Smoothed Bonus Funds: a counterweight to volatility Investors are jittery about weak returns and global volatility but need to remain invested in growth assets to reap retirement rewards. Old Mutual’s Smoothed Bonus Funds can take some of the sting out of investment ups and downs. ARTICLE BY Fiona Zerbst | DATE: 24 October 2023 | READ TIME: 4 MIN

In Q2 2023, South African business confidence plummeted to its lowest level since 2020 during the Covid-19 pandemic. It then inched up slightly in Q3 due to a slight improvement in loadshedding.

However, the fact remains that business and investor confidence has rarely been this weak. There are still headwinds to consider, such as stubborn inflation, the high cost of living and a weak currency.

“Businesses have been under a lot of pressure – borrowing costs have increased, and we may be in a high-interest-rate cycle for longer than anticipated,” says Marvin Nair, Head of Smoothed Bonus & Investment Strategy at Old Mutual.

Investors are jittery due to both persistently low market returns and global volatility –navigating uncertainty has become the new normal. 

“Your investments are meant to set you up for the future, so it can be difficult to watch the ups and downs,” says Nair. “The JSE’s All Share Index has been in the red this year, although it’s consistently delivered inflation-beating growth over the long term.”

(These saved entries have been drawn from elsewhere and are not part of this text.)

(* Let $\mathcal I$ index a finite set of non-exceptional zero-determinant strategies, strategy $i$ being associated with the point $(\bar\alpha_i,\bar\beta_i)$, and let $Z_i=-(\bar\alpha_i+\bar\beta_i)^{-1}$. Assume either Case (+): $\bar\alpha_i>0$ for all $i\in\mathcal I$, and for some $i^*\in\mathcal I$, $Z_{i^*}>Z_j$ for all $j\ne i^*$; or Case (−): $\bar\alpha_i<0$ for all $i\in\mathcal I$, and for some $i^*\in\mathcal I$, $Z_{i^*}<Z_j$ for all $j\ne i^*$. Then $i^*$ is an ESS for the game $\{A_{ij}\}$, and every solution $\pi(t)$ of the replicator dynamics with $\pi_{i^*}(0)>0$ converges to the vertex $v(i^* )$ as $t\to\infty$.
   Context: Iterated Prisoner's Dilemma with normalized payoffs $T=1>R>P>S=0$, $2R>1$; outcomes ordered $cc,cd,dc,dd$ (own play first); payoff vectors $\mathbf S_X=(R,0,1,P)$, $\mathbf S_Y=(R,1,0,P)$, $\mathbf 1=(1,1,1,1)$. A memory-one strategy vector $\mathbf p\in[0,1]^4$ gives the probability $p_k$ of playing $c$ after the $k$-th outcome, outcomes labeled from the player's own perspective. Strategy $i$ is a memory-one vector $\mathbf p^i$ with some initial play, which is a non-exceptional zero-determinant strategy associated with $(\bar\alpha_i,\bar\beta_i)$: $\mathbf p^i-(1,1,0,0)=\gamma_i(\bar\alpha_i\mathbf S_X+\bar\beta_i\mathbf S_Y+\mathbf 1)$ for some $\gamma_i>0$. $A_{ij}$ is the long-run (Cesàro-limit) average payoff of X when X uses strategy $i$ and Y uses strategy $j$. Replicator dynamics on the simplex $\Delta\subset\mathbb R^{\mathcal I}$: $\frac{d\pi_i}{dt}=\pi_i(A_{i\pi}-A_{\pi\pi})$, $A_{i\pi}=\sum_j\pi_jA_{ij}$, $A_{\pi\pi}=\sum_i\pi_iA_{i\pi}$; $v(i)$ is the vertex $\pi_i=1$. $i^*$ is an ESS if $A_{ji^*}<A_{i^*i^*}$ for all $j\ne i^*$. *)

theory Defs
  imports "HOL-Analysis.Analysis"
begin

text \<open>Outcomes are indexed 0,1,2,3 = cc, cd, dc, dd (own play first).
  Normalized payoffs T = 1, S = 0; R and P are parameters.\<close>

definition SX :: "real \<Rightarrow> real \<Rightarrow> nat \<Rightarrow> real" where
  "SX R P k = (if k = 0 then R else if k = 1 then 0 else if k = 2 then 1 else P)"

definition SY :: "real \<Rightarrow> real \<Rightarrow> nat \<Rightarrow> real" where
  "SY R P k = (if k = 0 then R else if k = 1 then 1 else if k = 2 then 0 else P)"

definition e12 :: "nat \<Rightarrow> real" where
  "e12 k = (if k < 2 then 1 else 0)"

text \<open>Relabelling of an outcome from X's perspective to Y's perspective (cd <-> dc).\<close>
definition swap_outcome :: "nat \<Rightarrow> nat" where
  "swap_outcome k = (if k = 1 then 2 else if k = 2 then 1 else k)"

He says there have been fresh market jitters on the back of the US Federal Reserve suggesting that rates will remain higher for longer. “South Africa follows a similar path and knowing that high interest rates may be sustained a little longer will be a bitter pill to swallow.”

It’s not easy to take a long-term view of one’s investments, especially when stocks are fluctuating into the red, but Nair says it’s important that investors understand the value of remaining invested in growth assets.

“This will ultimately give you the returns you need for your retirement, despite short-term volatility,” he says. “Taking a short-term view of investments generally results in the destruction of value, so disinvesting during a downturn and moving into conservative assets is not the solution.”

That said, even aggressive investors require some stability during uncertain times, and asset managers are under increasing pressure to provide some level of predictability. Old Mutual’s Smoothed Bonus Funds are uniquely positioned to provide stable yet strong, long-term returns – but how do they achieve this?

Understanding smoothed bonus products

Smoothed bonus products are designed to position your portfolio to outperform inflation in the long run through high growth asset exposure while “smoothing out” the volatile returns of the underlying assets. By managing short-term volatility in this way, asset managers can provide investors with a measure of certainty.

Old Mutual tailors its portfolios specifically to accommodate every type of investor, from the most aggressive to the most conservative. More conservative investors may simply be risk-averse, or close to retirement and therefore unable to take on the amount of risk that would be palatable to a younger investor.

“Within the conservative risk pool, we have our Core Growth Portfolios, and within the aggressive risk pool, we have our Absolute Growth Portfolios.”

The Core Growth Portfolios exhibits 61% exposure to growth assets, while the Absolute Growth Portfolios exhibit 83% exposure to growth assets.

“The Core Growth Portfolios provide a less volatile outcome for the client, with the underlying portfolio targeting a return of around CPI + 3.8% to 5.8% a year on a gross basis,” Nair explains. “Once the smoothing methodology is applied to reduce the volatility of the underlying portfolio, an investor can also decide if they want to opt for 90% or 100% guaranteed protection – for example, if they invest R100 with 90% protection, their benefit on exit will not be lower than R90, should they exit the fund due to a benefit event such as retirement, resignation, disablement and so on.”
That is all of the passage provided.